The gene nsp5 encodes 3CLpro (chymotrypsin-like cysteine protease), so there are differences there.

Literature suggests nsp5 and other non-structural proteins are potential targets for a number of antiviral therapies.

Another paper suggests further that lopinavir targets nsp3 products, among other proteins, in use against SARS-CoV:

Lopinavir’s possible target is Nsp3b, Nsp3c, helicase, NRBD or E-channel with the mfScores of –158.050, –189.140, –114.018, –171.127, and –221.785, respectively.

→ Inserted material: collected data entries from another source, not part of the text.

(* Let $\Omega\subset\mathbb R^2$ be a domain, $u\in SBV(\Omega)$ a local minimizer of the Mumford--Shah problem, and suppose $0\in\overline{S}_u$ is a tip point. Let $r_3:=\frac12\operatorname{dist}(0,\partial\Omega)$ and let $J\ge1$ be the absolute constant described in the context. Then there exist $C=C(J)>0$, $N=N(J)\in\mathbb N$ and $J'=J'(J)>0$ such that for every $0<r<r_3/9$, the set $B_r\setminus\overline{S}_u$ is covered by the closures of at most $N$ $J'$-John domains $W_{j,r}\subset B_{Cr}\setminus\overline{S}_u$, $1\le j\le N$. Moreover, there is a constant $C_2=C_2(J)>0$ such that for each $j$ and every $x\in W_{j,r}$ there is a rectifiable curve $\beta_x\subset W_{j,r}$ joining $x$ to a point $w_{j,r}\in\partial B_{3r}\cap W_{j,r}$ which is the core of a $J'$-carrot and satisfies $\ell(\beta_x)\le C_2 r$.
   Context: $B_r$ is the open disk of radius $r$ centered at $0$. $S_u$ is the approximate discontinuity set of $u\in BV(\Omega)$; $SBV(\Omega)$ consists of $u\in BV(\Omega)$ whose singular derivative is the jump part $(u_+-u_-)\nu_u\mathcal H^1\llcorner S_u$. With $MS(u,U)=\int_U|Du|^2dx+\mathcal H^1(S_u\cap U)$, $u\in SBV_{loc}(\Omega)$ is a local minimizer if for every ball $B_\rho(z)\subset\Omega$ and every open $U\subset\subset\Omega\cap B_\rho(z)$, $MS(u,U)<\infty$ and $MS(u,U)\le MS(v,U)$ whenever $\{u\neq v\}\subset\subset U$. A tip point is a point of $\overline{S}_u\setminus S_u$. The constant $J$ is the absolute constant (from a known result of David) with the property: for every $x\in\Omega\setminus\overline S_u$ and every $0<\rho\le\frac12\operatorname{dist}(x,\partial\Omega)$ there is an arc $\gamma\subset\Omega\setminus\overline S_u$ starting at $x$ and leaving $B_\rho(x)$ such that $\ell(\gamma[x,y])\le J\operatorname{dist}(y,\overline S_u)$ for all $y\in\gamma$. A bounded domain $W$ is $J'$-John with center $x_0$ if every $x\in W$ is joined to $x_0$ by an arc $\gamma\subset W$ with $\ell(\gamma[x,y])\le J'\operatorname{dist}(y,\partial W)$ for all $y\in\gamma$. For a curve $\gamma$ from $x$ to $x_0$, the $J'$-carrot with vertex $x$ and core $\gamma$ is $car(\gamma,J')=\bigcup\{B(y,\ell(\gamma[x,y])/J'):y\in\gamma\setminus\{x\}\}$; "$\beta_x$ is the core of a $J'$-carrot" means $car(\beta_x,J')\subset W_{j,r}$. *)

theory Defs
  imports "HOL-Analysis.Analysis"
begin
text \<open>If u = v 1^a(1) v ... 1^a(q-1) v, then Z(u) = q Z(v) and Y(u) = q Y(v) + \<Sum>a(j); hence
  L(u,v) = \<Sum>a(j) / lh(u) equals (\<rho>(u) - \<rho>(v)) / (1 + \<rho>(u)), and \<rho>(u) \<ge> \<rho>(v).
  So \<rho> increases along a generating sequence. A term of one generating sequence of V is a prefix
  of later terms of any other, and the density of a long prefix of a word built from x is at least
  \<rho>(x) minus a vanishing error; hence the supremum of \<rho> is the same for all generating sequences
  and equals \<rho>(V). Passing to the limit in the formula for L gives the claims. L(V,v) > 0 because
  \<rho>(v(n)) = \<rho>(v) for all n would force every exponent to vanish, making V = v v v ... periodic.\<close>

lemma count_list_replicate: "count_list (replicate k a) x = (if a = x then k else 0)"
  by (induction k) auto

lemma Ycnt_append [simp]: "Ycnt (xs @ ys) = Ycnt xs + Ycnt ys"
  by (simp add: Ycnt_def)

lemma Zcnt_append [simp]: "Zcnt (xs @ ys) = Zcnt xs + Zcnt ys"
  by (simp add: Zcnt_def)

lemma Ycnt_add_Zcnt: "Ycnt w + Zcnt w = length w"
  unfolding Ycnt_def Zcnt_def by (induction w) auto

lemma Zcnt_pos_if_inF: "inF v \<Longrightarrow> 0 < Zcnt v"
  by (cases v) (auto simp: inF_def Zcnt_def)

The nsp3 gene contains a papain-like protease 2 (PL2pro) domain. Supplemental materials from the first linked paper suggest nsp3 has a different amino acid sequence between SARS-CoV and SARS-CoV-2.

It might be worth digging into the Wu et al. paper and the raw annotation data to look at what those a.a. substitutions are, to see if that might help in determining why lopinavir is not as efficient at inactivating PL2pro and reducing levels of the novel coronavirus.

It may also be worth considering the target itself. Going back to the Nature Biotechnology article:

But Erik De Clercq, of the Rega Institute for Medical Research in Leuven, Belgium, says that in searching for or designing effective drugs against COVID-19: “We should stay away from antivirals known to be acting at targets not playing a role in the replication of coronaviruses.” Such drugs include penciclovir, which is targeted at the herpesvirus DNA polymerase, and lopinavir/ritonavir, which are targeted at the HIV protease. Instead, he would favor targeting a virus-specific protein such as the RNA-dependent RNA polymerase, noting that coronaviruses do not contain or use a reverse transcriptase.